Listening to the Spirit’s guidance is necessary not only to understand what are to be our goals, but also to know how to proceed practically. “What are we to do?” means not only “Where are we going?” but also “How do we get there?”
Planning is increasingly part of this strategic conversation in the Church. It is also found in business, education, health care, and other segments of common endeavor. But it means something profoundly more in the Christian sense, for we are not simply a human institution with a pragmatic even if noble purpose. We are the living Body of Christ.
We become members of that Body first of all through Baptism.
That in fact was the answer Peter gave to the question on Pentecost: “What are we to do?” His response: “Repent and be baptized.”
Our common mission begins then with the sacrament of Baptism.
All the baptized by that very fact become sharers in the three-fold mission of Jesus as Priest, Prophet, and King. The priestly mission involves sanctification, bringing God’s holiness in the world through prayer, worship, sacrament, and sacrifice. The prophetic mission proclaims the Word of God in evangelization, catechesis, and missionary outreach. The kingly mission is lived in service, both within and beyond the structures of the Church. Jesus models this kind of kingship – “I came not to be served but to serve”; “the greatest among you will last of all and servant of all” – and in the washing of his disciples’ feet teaches us to imitate him:
“As I have done, so you must do.”
What are you good at?
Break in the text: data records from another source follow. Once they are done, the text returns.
definition lie_algebra :: "('a::euclidean_space \<Rightarrow> 'a \<Rightarrow> 'a) \<Rightarrow> bool" where
  "lie_algebra br \<longleftrightarrow> bilinear br \<and> (\<forall>x. br x x = 0) \<and>
     (\<forall>x y z. br x (br y z) + br y (br z x) + br z (br x y) = 0)"

definition bracket_span :: "('a::euclidean_space \<Rightarrow> 'a \<Rightarrow> 'a) \<Rightarrow> 'a set \<Rightarrow> 'a set \<Rightarrow> 'a set" where
  "bracket_span br A B = span {br x y | x y. x \<in> A \<and> y \<in> B}"

fun derived_series :: "('a::euclidean_space \<Rightarrow> 'a \<Rightarrow> 'a) \<Rightarrow> nat \<Rightarrow> 'a set" where
  "derived_series br 0 = UNIV"
| "derived_series br (Suc k) = bracket_span br (derived_series br k) (derived_series br k)"

definition solvable_lie :: "('a::euclidean_space \<Rightarrow> 'a \<Rightarrow> 'a) \<Rightarrow> bool" where
  "solvable_lie br \<longleftrightarrow> (\<exists>k. derived_series br k = {0})"

definition abelian_complex_structure ::
  "('a::euclidean_space \<Rightarrow> 'a \<Rightarrow> 'a) \<Rightarrow> ('a \<Rightarrow> 'a) \<Rightarrow> bool" where
  "abelian_complex_structure br J \<longleftrightarrow> linear J \<and> (\<forall>x. J (J x) = - x) \<and>
     (\<forall>x y. br (J x) (J y) = br x y)"

definition lie_iso :: "('a::euclidean_space \<Rightarrow> 'a \<Rightarrow> 'a) \<Rightarrow> ('b::euclidean_space \<Rightarrow> 'b \<Rightarrow> 'b)
    \<Rightarrow> ('a \<Rightarrow> 'b) \<Rightarrow> bool" where
  "lie_iso br1 br2 f \<longleftrightarrow> linear f \<and> bij f \<and> (\<forall>u v. f (br1 u v) = br2 (f u) (f v))"

text \<open>aff(R) on R^2 = real \<times> real with basis x = (1,0), y = (0,1), [x,y] = x:
  [(a,b),(c,d)] = (ad - bc) x.\<close>
definition aff_br :: "real \<times> real \<Rightarrow> real \<times> real \<Rightarrow> real \<times> real" where
  "aff_br u v = (fst u * snd v - snd u * fst v, 0)"

end

theory Submission
  imports Defs
begin

text \<open>An abelian complex structure \<open>J\<close> forces \<open>[g, g]\<close> to be abelian: in the
  complexification the \<open>i\<close>- and \<open>-i\<close>-eigenspaces of \<open>J\<close> are abelian subalgebras spanning
  everything, and a Lie algebra that is the sum of two abelian subalgebras is metabelian.
  If \<open>n = [g, g]\<close> has codimension one, write \<open>g = \<real> x + n\<close>; then \<open>ad x\<close> maps the abelian
  ideal \<open>n\<close> onto, hence injectively into, itself, and \<open>[x, u] = [J x, J u]\<close> shows
  \<open>n \<inter> J n = 0\<close>, so \<open>dim n \<le> 1\<close>. A complex structure rules out \<open>dim g = 1\<close>, so \<open>g\<close> is
  the two-dimensional non-abelian Lie algebra.\<close>

lemma lie_algebra_bilinear: "lie_algebra br \<Longrightarrow> bilinear br"
  unfolding lie_algebra_def by blast

lemma lie_algebra_alternating: "lie_algebra br \<Longrightarrow> br x x = 0"
  unfolding lie_algebra_def by blast

lemma lie_algebra_antisym:
  assumes "lie_algebra br"
  shows "br x y = - br y x"
proof -
  note bl = lie_algebra_bilinear[OF assms] and alt = lie_algebra_alternating[OF assms]
  have "br (x + y) (x + y) = br x x + br y x + (br x y + br y y)"
    by (simp only: bilinear_ladd[OF bl] bilinear_radd[OF bl])
  then have "br x y + br y x = 0" by (simp add: alt add.commute)
  then show ?thesis by (simp add: eq_neg_iff_add_eq_0)
qed

lemma lie_algebra_jacobi_derivation:
  assumes "lie_algebra br"
  shows "br x (br y z) = br (br x y) z + br y (br x z)"
proof -
  have "br x (br y z) + br y (br z x) + br z (br x y) = 0"
    using assms unfolding lie_algebra_def by blast
  moreover have "br y (br z x) = - br y (br x z)"
    by (metis lie_algebra_antisym[OF assms] bilinear_rneg[OF lie_algebra_bilinear[OF assms]])
  moreover have "br z (br x y) = - br (br x y) z"
    by (rule lie_algebra_antisym[OF assms])
  ultimately show ?thesis by (simp add: algebra_simps)
qed

lemma lie_algebra_bracket_lincomb:
  assumes "lie_algebra br"
  shows "br (a *\<^sub>R e + b *\<^sub>R w) (c *\<^sub>R e + d *\<^sub>R w) = (a * d - b * c) *\<^sub>R br e w"
proof -
  note bl = lie_algebra_bilinear[OF assms]
  show ?thesis
    using lie_algebra_antisym[OF assms, of w e]
    by (simp add: bilinear_ladd[OF bl] bilinear_radd[OF bl] bilinear_lmul[OF bl] bilinear_rmul[OF bl]
        lie_algebra_alternating[OF assms] algebra_simps)
qed

lemma bilinear_eq_0_on_span:
  assumes "bilinear f" and "\<And>x y. x \<in> S \<Longrightarrow> y \<in> T \<Longrightarrow> f x y = 0"
    and "u \<in> span S" and "v \<in> span T"
  shows "f u v = 0"
proof -
  have zero: "bilinear (\<lambda>x y. 0 :: 'c)"
    by (simp add: bilinear_def linear_zero)
  have "f u v = (\<lambda>x y. 0) u v"
    by (rule bilinear_eq[OF assms(1) zero order_refl order_refl assms(3,4)]) (use assms(2) in simp)
  then show ?thesis by simp
qed

lemma lie_algebra_brackets_commute_if_sum_of_abelian:
  assumes lie: "lie_algebra br"
    and A: "\<And>u v. u \<in> A \<Longrightarrow> v \<in> A \<Longrightarrow> br u v = 0"
    and B: "\<And>u v. u \<in> B \<Longrightarrow> v \<in> B \<Longrightarrow> br u v = 0"
    and sum: "\<And>u. \<exists>p\<in>A. \<exists>q\<in>B. u = p + q"
    and a: "a \<in> A" and a': "a' \<in> A" and b: "b \<in> B" and b': "b' \<in> B"
  shows "br (br a' b') (br a b) = 0"
proof -
  note bl = lie_algebra_bilinear[OF lie] and jac = lie_algebra_jacobi_derivation[OF lie]
  obtain p q where p: "p \<in> A" and q: "q \<in> B" and pq: "br a' b = p + q"
    using sum by blast
  obtain p' q' where p': "p' \<in> A" and q': "q' \<in> B" and pq': "br b' a = p' + q'"
    using sum by blast
  have 1: "br a' (br a b) = br a q"
    using jac[of a' a b] A[OF a' a] A[OF a p] pq
    by (simp add: bilinear_lzero[OF bl] bilinear_radd[OF bl])
  have 2: "br b' (br a q) = br p' q"
    using jac[of b' a q] B[OF b' q] B[OF q' q] pq'
    by (simp add: bilinear_rzero[OF bl] bilinear_ladd[OF bl])
  have 3: "br b' (br a b) = br p' b"
    using jac[of b' a b] B[OF b' b] B[OF q' b] pq'
    by (simp add: bilinear_rzero[OF bl] bilinear_ladd[OF bl])
  have 4: "br a' (br p' b) = br p' q"
    using jac[of a' p' b] A[OF a' p'] A[OF p' p] pq
    by (simp add: bilinear_lzero[OF bl] bilinear_radd[OF bl])
  show ?thesis
    using jac[of a' b' "br a b"] 1 2 3 4 by simp
qed

lemma lie_algebra_metabelian_if_sum_of_abelian:
  assumes lie: "lie_algebra br"
    and A: "\<And>u v. u \<in> A \<Longrightarrow> v \<in> A \<Longrightarrow> br u v = 0"
    and B: "\<And>u v. u \<in> B \<Longrightarrow> v \<in> B \<Longrightarrow> br u v = 0"
    and sum: "\<And>u. \<exists>p\<in>A. \<exists>q\<in>B. u = p + q"
  shows "br (br x y) (br z w) = 0"
proof -
  note bl = lie_algebra_bilinear[OF lie]
  let ?AB = "{br a b | a b. a \<in> A \<and> b \<in> B}"
  have "br x y \<in> span ?AB" for x y
  proof -
    obtain a b a' b' where "a \<in> A" "b \<in> B" "x = a + b" "a' \<in> A" "b' \<in> B" "y = a' + b'"
      using sum by meson
    then have "br x y = br a b' - br a' b"
      using A B lie_algebra_antisym[OF lie, of b a']
      by (simp add: bilinear_ladd[OF bl] bilinear_radd[OF bl])
    moreover have "br a b' \<in> ?AB" "br a' b \<in> ?AB"
      using \<open>a \<in> A\<close> \<open>b \<in> B\<close> \<open>a' \<in> A\<close> \<open>b' \<in> B\<close> by blast+
    ultimately show ?thesis
      by (simp add: span_diff span_base)
  qed
  moreover have "br u v = 0" if "u \<in> ?AB" "v \<in> ?AB" for u v
    using that lie_algebra_brackets_commute_if_sum_of_abelian[OF lie A B sum] by blast
  ultimately show ?thesis
    using bilinear_eq_0_on_span[OF bl] by blast
qed

text \<open>A pair \<open>(x, y)\<close> stands for \<open>x + i y\<close> in the complexification.\<close>
definition complexified_bracket ::
  "('a::real_vector \<Rightarrow> 'a \<Rightarrow> 'a) \<Rightarrow> 'a \<times> 'a \<Rightarrow> 'a \<times> 'a \<Rightarrow> 'a \<times> 'a" where
  "complexified_bracket br u v =
     (br (fst u) (fst v) - br (snd u) (snd v), br (fst u) (snd v) + br (snd u) (fst v))"

lemma lie_algebra_complexified_bracket:
  assumes lie: "lie_algebra br"
  shows "lie_algebra (complexified_bracket br)"
proof -
  note bl = lie_algebra_bilinear[OF lie]
  have jac: "br z (br x y) = - br x (br y z) - br y (br z x)" for x y z
    using lie unfolding lie_algebra_def by (metis add.commute add_diff_cancel_left' diff_0 diff_add_cancel)
  have "bilinear (complexified_bracket br)"
    unfolding bilinear_def
  proof (intro conjI allI)
    fix u :: "'a \<times> 'a"
    show "linear (complexified_bracket br u)"
      by (rule linearI)
        (auto simp: complexified_bracket_def bilinear_radd[OF bl] bilinear_rmul[OF bl] algebra_simps)
    show "linear (\<lambda>v. complexified_bracket br v u)"
      by (rule linearI)
        (auto simp: complexified_bracket_def bilinear_ladd[OF bl] bilinear_lmul[OF bl] algebra_simps)
  qed
  moreover have "complexified_bracket br u u = 0" for u
    using lie_algebra_antisym[OF lie, of "fst u" "snd u"]
    by (simp add: complexified_bracket_def lie_algebra_alternating[OF lie] zero_prod_def)
  moreover have "complexified_bracket br u (complexified_bracket br v w)
      + complexified_bracket br v (complexified_bracket br w u)
      + complexified_bracket br w (complexified_bracket br u v) = 0" for u v w
  proof -
    obtain p1 q1 p2 q2 p3 q3 where uvw: "u = (p1, q1)" "v = (p2, q2)" "w = (p3, q3)"
      by (cases u, cases v, cases w) auto
    show ?thesis
      unfolding uvw complexified_bracket_def
      by (simp add: bilinear_radd[OF bl] bilinear_ladd[OF bl] bilinear_rsub[OF bl] bilinear_lsub[OF bl]
          jac[of p1 p2 p3] jac[of p1 p2 q3] jac[of p1 q2 p3] jac[of p1 q2 q3]
          jac[of q1 p2 p3] jac[of q1 p2 q3] jac[of q1 q2 p3] jac[of q1 q2 q3] algebra_simps zero_prod_def)
  qed
  ultimately show ?thesis
    unfolding lie_algebra_def by blast
qed

lemma abelian_complex_structure_metabelian:
  assumes lie: "lie_algebra br" and J: "abelian_complex_structure br J"
  shows "br (br x y) (br z w) = 0"
proof -
  let ?c = "complexified_bracket br"
  have lJ: "linear J" and JJ: "\<And>x. J (J x) = - x" and JJbr: "\<And>x y. br (J x) (J y) = br x y"
    using J unfolding abelian_complex_structure_def by blast+
  have Jbr: "br (J x) y = - br x (J y)" for x y
    by (metis JJ JJbr bilinear_rneg[OF lie_algebra_bilinear[OF lie]] minus_minus)
  \<comment> \<open>the \<open>i\<close>- and \<open>-i\<close>-eigenspaces of the complex-linear extension of \<open>J\<close>\<close>
  define A where "A = range (\<lambda>x. (x, - J x))"
  define B where "B = range (\<lambda>x. (x, J x))"
  have "?c u v = 0" if "u \<in> A" "v \<in> A" for u v
    using that Jbr JJbr lie_algebra_bilinear[OF lie]
    by (auto simp: A_def complexified_bracket_def bilinear_rneg bilinear_lneg zero_prod_def)
  moreover have "?c u v = 0" if "u \<in> B" "v \<in> B" for u v
    using that Jbr JJbr by (auto simp: B_def complexified_bracket_def zero_prod_def)
  moreover have "\<exists>p\<in>A. \<exists>q\<in>B. u = p + q" for u
  proof -
    obtain s t where u: "u = (s, t)" by (cases u)
    define a where "a = (1/2) *\<^sub>R (s + J t)"
    define b where "b = (1/2) *\<^sub>R (s - J t)"
    have "s = a + b" "t = - J a + J b"
      unfolding a_def b_def using lJ
      by (auto simp: linear_add linear_diff linear_scale JJ algebra_simps simp flip: scaleR_2)
    then have "u = (a, - J a) + (b, J b)" by (simp add: u)
    then show ?thesis unfolding A_def B_def by blast
  qed
  ultimately have "?c (?c (x, 0) (y, 0)) (?c (z, 0) (w, 0)) = 0"
    by (rule lie_algebra_metabelian_if_sum_of_abelian[OF lie_algebra_complexified_bracket[OF lie]])
  then show ?thesis
    by (simp add: complexified_bracket_def bilinear_rzero[OF lie_algebra_bilinear[OF lie]]
        bilinear_lzero[OF lie_algebra_bilinear[OF lie]] zero_prod_def)
qed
What talents and strengths are entrusted to you? Every member of the Church has particular gifts and a specific role in the mission assigned to us by Jesus.
The scope and contours of each one’s role are refined by their particular vocation and state of life, their natural talents, , and their specific area of responsibility in the whole. As St. Paul says, the Body is made up of many different members and functions, but all are necessary for the health and flourishing of the whole.
A proper understanding of mission depends on how we view the scope of the mission of the Church itself. Too narrow an idea of this mission identifies it with the visible structures and organization of the Church. Co-responsibility can then be narrowed to serving on parish councils and groups, liturgical and pastoral ministries, and activities at the parish and diocese.
While these activities will always be important, they do not reach far enough for the mission given to us: “Go into the whole world and make disciples.” The churches we attend are our foundation and community of celebration, support, and purpose, but they are not an end in themselves. Our task is not to maintain a parish but to transform the world in the Spirit of the Gospel.
Thank you for all the ways you do this in your families, jobs, volunteer involvements, gestures of kindness to those who may not otherwise encounter Jesus so intentionally.
As we ponder the future of the Church in the Diocese of Saint Cloud, we are rightly asking anew the question spoken on Pentecost:
“What are we to do?” The question is not confined to how parishes will be arranged and staffed, when Mass is scheduled, or how many programs are established. Our planning is aimed at a goal as broad as the world and its need for the Gospel. All of us are needed, and each one contributes something that matters.